Для чего жить, когда он уже потерял самое дорогое — способность бороться? Чем оправдать свою жизнь сейчас и в безотрадном завтра? Чем заполнить ее? Просто есть, пить и дышать? Остаться беспомощным свидетелем того, как товарищи с боем будут продвигаться вперед? Стать отряду обузой? Что, вывести в расход предавшее его тело? Пуля в сердце - и никаких гвоздей! Умел неплохо жить, умей вовремя и кончить. Кто осудит бойца, не желающего агонизировать?
Рука его нащупала в кармане плоское тело браунинга, пальцы привычным движением схватили рукоять. Медленно вытащил револьвер.
— Кто бы мог подумать, что ты доживешь до такого дня?
Дуло презрительно глянуло ему в глаза. Павел положил револьвер на колени и злобно выругался:
— Все это бумажный героизм, братишка! Шлепнуть себя каждый дурак сумеет всегда и во всякое время. Это самый трусливый и легкий выход из положения. Трудно жить — шлепайся. А ты попробовал эту жизнь победить? Ты все сделал, чтобы вырваться из железного кольца? А ты забыл, как под Новоград-Волынском семнадцать раз в день в атаку ходили и взяли-таки наперекор всему? Спрячь револьвер и никому никогда об этом не рассказывай! Умей жить и тогда, когда жизнь становится невыносимой. Сделай ее полезной.
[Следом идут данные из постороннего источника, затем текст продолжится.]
definition trivial_on :: "('a, 'b) monoid_scheme \<Rightarrow> ('a \<Rightarrow> 'a \<Rightarrow> 'a) \<Rightarrow> 'a set \<Rightarrow> bool" where
  "trivial_on G circ B \<longleftrightarrow> (\<forall>a\<in>B. \<forall>b\<in>B. circ a b = a \<otimes>\<^bsub>G\<^esub> b)"

definition left_ideal :: "('a, 'b) monoid_scheme \<Rightarrow> ('a \<Rightarrow> 'a \<Rightarrow> 'a) \<Rightarrow> 'a set \<Rightarrow> bool" where
  "left_ideal G circ I \<longleftrightarrow> subgroup I G \<and> sb_star_set G circ (carrier G) I \<subseteq> I"

end

theory Submission
  imports Defs
begin

text \<open>Write \<open>\<lambda>\<^sub>a y = a\<inverse>(a \<circ> y)\<close>. Then \<open>a \<mapsto> \<lambda>\<^sub>a\<close> is a homomorphism from \<open>(A,\<circ>)\<close> to
  \<open>Aut(A,\<cdot>)\<close>, \<open>a * y = \<lambda>\<^sub>a(y) y\<inverse>\<close>, and \<open>z * y = 1\<close> for every \<open>z\<close> in its kernel, so it suffices
  to show that all \<open>a * x\<close> lie in \<open>ker \<lambda>\<close>. Triviality of \<open>B\<close> and \<open>C\<close> together with \<open>A = BC\<close>
  puts \<open>B \<inter> C\<close> (which contains the commutators \<open>[B,C]\<close>) into the kernel. For \<open>c \<in> C\<close>,
  \<open>c \<circ> b = c\<lambda>\<^sub>c(b) = b''c = b'' \<circ> w\<close> with \<open>b'' = c\<lambda>\<^sub>c(b)c\<inverse> \<in> \<lambda>\<^sub>c(b)(B \<inter> C)\<close> and \<open>w \<in> C\<close>; as elements of
  \<open>C\<close> act trivially on \<open>C\<close>, this shows that \<open>\<lambda>\<^bsub>\<lambda>\<^sub>a(b)\<^esub>\<close> and \<open>\<lambda>\<^sub>b\<close> agree on \<open>C\<close>, hence \<open>\<lambda>\<^sub>a(b) b\<inverse>\<close> lies in the
  kernel for \<open>b \<in> B\<close>, and symmetrically for \<open>C\<close>. Finally \<open>a * (bc)\<close> is a product of these two
  elements and a commutator from \<open>[B,C]\<close>.\<close>

lemma (in group) commutator_mem_normal_inter:
  assumes "H \<lhd> G" "N \<lhd> G" "g \<in> H" "h \<in> N"
  shows "inv g \<otimes> h \<otimes> g \<otimes> inv h \<in> H \<inter> N"
proof -
  interpret H: normal H G by (fact assms(1))
  interpret N: normal N G by (fact assms(2))
  have g: "g \<in> carrier G" and h: "h \<in> carrier G"
    using assms(3,4) H.subset N.subset by auto
  have "inv g \<otimes> (h \<otimes> g \<otimes> inv h) \<in> H"
    using H.inv_op_closed2[OF h assms(3)] assms(3) by simp
  moreover have "inv g \<otimes> h \<otimes> g \<otimes> inv h \<in> N"
    using N.inv_op_closed1[OF g assms(4)] assms(4) by simp
  ultimately show ?thesis using g h by (simp add: m_assoc)
qed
  Николай Островский, «Как закалялась сталь», 1934
  •  

Есть лишь одна по-настоящему серьёзная философская проблема — проблема самоубийства. Решить, сто́ит или не сто́ит жизнь того, чтобы её прожить, — значит ответить на фундаментальный вопрос философии. Всё остальное — имеет ли мир три измерения, руководствуется ли разум девятью или двенадцатью категориями — второстепенно.

 

фр. Il n'y a qu'un problème philosophique vraiment sérieux: c'est le suicide. Juger que la vie vaut ou ne vaut pas la peine d'être vécue, c'est répondre à la question fondamentale de la philosophie

  Альбер Камю «Миф о Сизифе», 1941
  •  

Самоубийство — болезнь наследственная и, быть может, заразная.

  Бернар Вербер, «Танатонавты»
  •  

Те, кто кончает жизнь самоубийством, жалеют об этом всю свою недожитую жизнь.

  Аркадий Давидович
  •  

Как бы только Шарлотта-Амалия чего-нибудь не натворила… Нет, пустяки, она такая безвольная и испорченная, а самоубийце необходимы чистота убеждений и благородство души.

  Андрей Упит, «На грани веков»
  •  

Почему люди не смеют убить себя? Что удерживает их? — две вещи, только две причины, одна очень маленькая, другая очень большая, но и маленькая, тоже очень большая — это боль, а большая — это Бог. А ты знаешь: что такое Бог? Бог есть боль страха смерти..., но и это всё равно.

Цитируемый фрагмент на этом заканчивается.